13, the device according to remarks 9, described acquisition module comprises:

Participle submodule, for utilizing participle instrument to carry out participle to the title of described initial seed webpage and text, to obtain the initial key word of described initial seed webpage;

First calculating sub module, for the weighted value according to the part of speech of described initial key word, word frequency and each initial key word of word positional information calculation;

First chooses submodule, is greater than several keywords of predetermined threshold value as final keyword for weight selection value;

Retrieval submodule, for being undertaken retrieving to obtain retrieval sub-pages by search engine by described final keyword.

14, the device according to remarks 13, also comprises:

Second calculating sub module, for the similarity adopting vector space model to calculate described initial seed webpage and described retrieval sub-pages; And

Second chooses submodule, and the value for choosing described similarity is greater than several retrieval sub-pages of predetermined threshold value as described relevant sub-pages.

15, the device according to remarks 9, described judge module comprises:

For judging whether described relevant seed mark webpage language material and described initial seed mark webpage language material all expand; Or, for judging whether described relevant seed mark webpage language material and described initial seed mark webpage language material reach the scale preset.

16, the device according to remarks 9, also comprises:

Training module, for according to described mark webpage training one for extracting the extraction model of web page contents; And

Extraction module, for extracting title in target web and body matter according to described extraction model.

Claims

1. build a method for mark webpage corpus, described mark webpage corpus is for training extraction model to extract title in target web and text according to described extraction model, and described method comprises:

Judge whether described relevant seed mark webpage language material and described initial seed mark webpage language material meet pre-conditioned, if so, then described relevant seed mark webpage language material and described initial seed mark webpage language material are combined as mark webpage corpus; If not, then described relevant seed mark webpage language material is marked webpage language material as initial seed, and perform the step that the described keyword according to described initial seed mark webpage language material obtains the relevant sub-pages of predetermined number from search engine.
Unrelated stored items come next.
(* Let $P\subseteq M_{\mathbb R}$ be an $n$-dimensional reflexive polytope and let $\Lambda:=\Lambda_{n-2}$ be the sublattice of $M$ generated by all lattice points lying in faces of $P$ of dimension $n-2$. Let $x\in\mathcal R\setminus\Lambda$ and let $y\in\partial P\cap\Lambda$ with $y\notin\mathcal F_x$. Then $\langle\eta_x,y\rangle\ge 1$, and the point $p(x,y):=\langle\eta_x,y\rangle\,x+y$ lies in $\mathcal R\setminus\Lambda$ and is a root orthogonal to $x$, i.e. $\langle\eta_x,p(x,y)\rangle=0=\langle\eta_{p(x,y)},x\rangle$.
   Context: $M\cong\mathbb Z^n$ is a lattice, $N=\mathrm{Hom}_{\mathbb Z}(M,\mathbb Z)$ its dual with pairing $\langle\cdot,\cdot\rangle$. A reflexive polytope is an $n$-dimensional lattice polytope $P\subseteq M_{\mathbb R}$ containing the origin in its interior such that the dual polytope $P^*=\{u\in N_{\mathbb R}:\langle u,m\rangle\ge-1\ \forall m\in P\}$ has vertices in $N$; equivalently every facet $F$ of $P$ equals $\{m\in P:\langle\eta_F,m\rangle=-1\}$ for a unique $\eta_F\in N$ with $\langle \eta_F,\cdot\rangle\ge -1$ on $P$. $\partial P$ is the boundary of $P$. $\mathcal R$ (the set of Demazure roots of $P$) is the set of lattice points of $M$ lying in the relative interior of some facet of $P$. For $x\in\mathcal R$, $\mathcal F_x$ denotes the unique facet of $P$ containing $x$, and $\eta_x:=\eta_{\mathcal F_x}\in N$ is its inner normal, so $\langle\eta_x,\mathcal F_x\rangle=-1$. Two roots $x,y\in\mathcal R$ are called orthogonal if $\langle\eta_x,y\rangle=0=\langle\eta_y,x\rangle$. *)

theory Defs
  imports "HOL-Analysis.Analysis"
begin

text \<open>We identify M with the integer points of real^'n, and N with the integer
points of real^'n as well, the pairing being the standard inner product.\<close>

definition lattice_pt :: "real^'n \<Rightarrow> bool" where
  "lattice_pt v \<longleftrightarrow> (\<forall>i. v $ i \<in> \<int>)"

definition lattice_polytope :: "(real^'n) set \<Rightarrow> bool" where
  "lattice_polytope P \<longleftrightarrow> (\<exists>S. finite S \<and> (\<forall>v\<in>S. lattice_pt v) \<and> P = convex hull S)"

definition reflexive :: "(real^'n) set \<Rightarrow> bool" where
  "reflexive P \<longleftrightarrow> lattice_polytope P \<and> aff_dim P = int CARD('n) \<and> 0 \<in> interior P \<and>
     (\<forall>F. F facet_of P \<longrightarrow> (\<exists>!\<eta>. lattice_pt \<eta> \<and> (\<forall>m\<in>P. \<eta> \<bullet> m \<ge> -1) \<and>
                                   F = {m\<in>P. \<eta> \<bullet> m = -1}))"

definition inner_normal :: "(real^'n) set \<Rightarrow> (real^'n) set \<Rightarrow> real^'n" where
  "inner_normal P F = (THE \<eta>. lattice_pt \<eta> \<and> (\<forall>m\<in>P. \<eta> \<bullet> m \<ge> -1) \<and> F = {m\<in>P. \<eta> \<bullet> m = -1})"

definition roots :: "(real^'n) set \<Rightarrow> (real^'n) set" where
  "roots P = {x. lattice_pt x \<and> (\<exists>F. F facet_of P \<and> x \<in> rel_interior F)}"

definition facet_at :: "(real^'n) set \<Rightarrow> real^'n \<Rightarrow> (real^'n) set" where
  "facet_at P x = (THE F. F facet_of P \<and> x \<in> F)"

definition eta :: "(real^'n) set \<Rightarrow> real^'n \<Rightarrow> real^'n" where
  "eta P x = inner_normal P (facet_at P x)"

definition int_span :: "(real^'n) set \<Rightarrow> (real^'n) set" where
  "int_span G = {v. \<exists>S c. finite S \<and> S \<subseteq> G \<and> (\<forall>s\<in>S. c s \<in> \<int>) \<and> v = (\<Sum>s\<in>S. c s *\<^sub>R s)}"

definition Lambda :: "(real^'n) set \<Rightarrow> (real^'n) set" where
  "Lambda P = int_span {v. lattice_pt v \<and> (\<exists>F. F face_of P \<and> aff_dim F = int CARD('n) - 2 \<and> v \<in> F)}"

end

theory Submission
  imports Defs
begin

(*
  For a facet G with normal n_G and a lattice point m of P, the value n_G . m is an integer
  that is at least -1, with equality exactly when m lies on G; a lattice point lying on two
  distinct facets lies in a face of dimension n - 2, hence in Lambda.

  Put k = eta_x . y, which is a nonnegative integer since y is not on F_x. If k = 0, let H be
  a facet through y on which h = n_H . x is minimal; then x + (h + 1) y lies on F_x and on H,
  so it is in Lambda, and so is x. Hence k >= 1 and p = k x + y satisfies eta_x . p = 0 and
  n_G . p >= -1 for all facets G. As P is bounded and p <> 0, not all n_G . p are nonnegative,
  which produces a facet H with n_H . x = 0 and n_H . y = -1. Then p lies on H and p + x lies
  on F_x and on H, so p + x is in Lambda while p is not. Therefore no facet other than H
  contains p: p is a root with facet H, and eta_p . x = n_H . x = 0.
*)

lemma lattice_pt_add: "lattice_pt a \<Longrightarrow> lattice_pt b \<Longrightarrow> lattice_pt (a + b)"
  unfolding lattice_pt_def by auto

lemma lattice_pt_scaleR: "c \<in> \<int> \<Longrightarrow> lattice_pt a \<Longrightarrow> lattice_pt (c *\<^sub>R a)"
  unfolding lattice_pt_def by auto

lemma lattice_pt_inner_Ints: "lattice_pt a \<Longrightarrow> lattice_pt b \<Longrightarrow> a \<bullet> b \<in> \<int>"
  unfolding lattice_pt_def inner_vec_def by (intro Ints_sum Ints_mult) auto

lemma Ints_greater_minus_one_imp_nonneg: "(r::real) \<in> \<int> \<Longrightarrow> -1 < r \<Longrightarrow> 0 \<le> r"
  by (elim Ints_cases) simp

lemma Ints_pos_imp_ge_one: "(r::real) \<in> \<int> \<Longrightarrow> 0 < r \<Longrightarrow> 1 \<le> r"
  by (elim Ints_cases) simp

lemma int_span_superset: "v \<in> G \<Longrightarrow> v \<in> int_span G"
  unfolding int_span_def by (intro CollectI exI[of _ "{v}"] exI[of _ "\<lambda>_. 1"]) auto

lemma int_span_scaleR:
  assumes "a \<in> int_span G" "r \<in> \<int>"
  shows "r *\<^sub>R a \<in> int_span G"
proof -
  obtain S c where "finite S" "S \<subseteq> G" "\<forall>s\<in>S. c s \<in> \<int>" "a = (\<Sum>s\<in>S. c s *\<^sub>R s)"
    using assms(1) unfolding int_span_def by blast
  then show ?thesis
    using assms(2) unfolding int_span_def
    by (intro CollectI exI[of _ S] exI[of _ "\<lambda>s. r * c s"]) (auto simp: scaleR_sum_right)
qed

lemma int_span_add:
  assumes "a \<in> int_span G" "b \<in> int_span G"
  shows "a + b \<in> int_span G"
proof -
  obtain S c where S: "finite S" "S \<subseteq> G" "\<forall>s\<in>S. c s \<in> \<int>" "a = (\<Sum>s\<in>S. c s *\<^sub>R s)"
    using assms(1) unfolding int_span_def by blast
  obtain T d where T: "finite T" "T \<subseteq> G" "\<forall>s\<in>T. d s \<in> \<int>" "b = (\<Sum>s\<in>T. d s *\<^sub>R s)"
    using assms(2) unfolding int_span_def by blast
  define e where "e s = (if s \<in> S then c s else 0) + (if s \<in> T then d s else 0)" for s
  have "(\<Sum>s\<in>S \<union> T. (if s \<in> S then c s else 0) *\<^sub>R s) = a"
    using S T unfolding S(4) by (intro sum.mono_neutral_cong_right) auto
  moreover have "(\<Sum>s\<in>S \<union> T. (if s \<in> T then d s else 0) *\<^sub>R s) = b"
    using S T unfolding T(4) by (intro sum.mono_neutral_cong_right) auto
  ultimately have "a + b = (\<Sum>s\<in>S \<union> T. e s *\<^sub>R s)"
    unfolding e_def by (simp add: sum.distrib scaleR_add_left)
  moreover have "\<forall>s\<in>S \<union> T. e s \<in> \<int>"
    using S T unfolding e_def by auto
  ultimately show ?thesis
    using S T unfolding int_span_def by (intro CollectI exI[of _ "S \<union> T"] exI[of _ e]) auto
qed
2. method according to claim 1, wherein, the described step marked described relevant sub-pages according to described initial seed webpage label language material, comprising:

The content do not marked in described relevant sub-pages is labeled as other.

3. method according to claim 2, wherein, the described step marked the text of described relevant sub-pages, comprising:

4. method according to claim 2, wherein, the described step marked the title of described relevant sub-pages, comprising:

5. method according to claim 1, wherein, describedly judges whether described relevant seed mark webpage language material and described initial seed mark webpage language material meet pre-conditioned step, comprising:

6. build a device for mark webpage corpus, described mark webpage corpus is for training extraction model to extract title in target web and text according to described extraction model, and described device comprises:

7. device according to claim 6, wherein, described labeling module comprises:

8. device according to claim 7, wherein, described first mark submodule comprises:

9. device according to claim 7, described second mark submodule comprises:

6th mark submodule, for when described second judges the result of submodule as being, marks the title of described relevant sub-pages; And

10. device according to claim 6, described judge module: for judging whether described relevant seed mark webpage language material and described initial seed mark webpage language material all expand; Or, for judging whether described relevant seed mark webpage language material and described initial seed mark webpage language material reach the scale preset.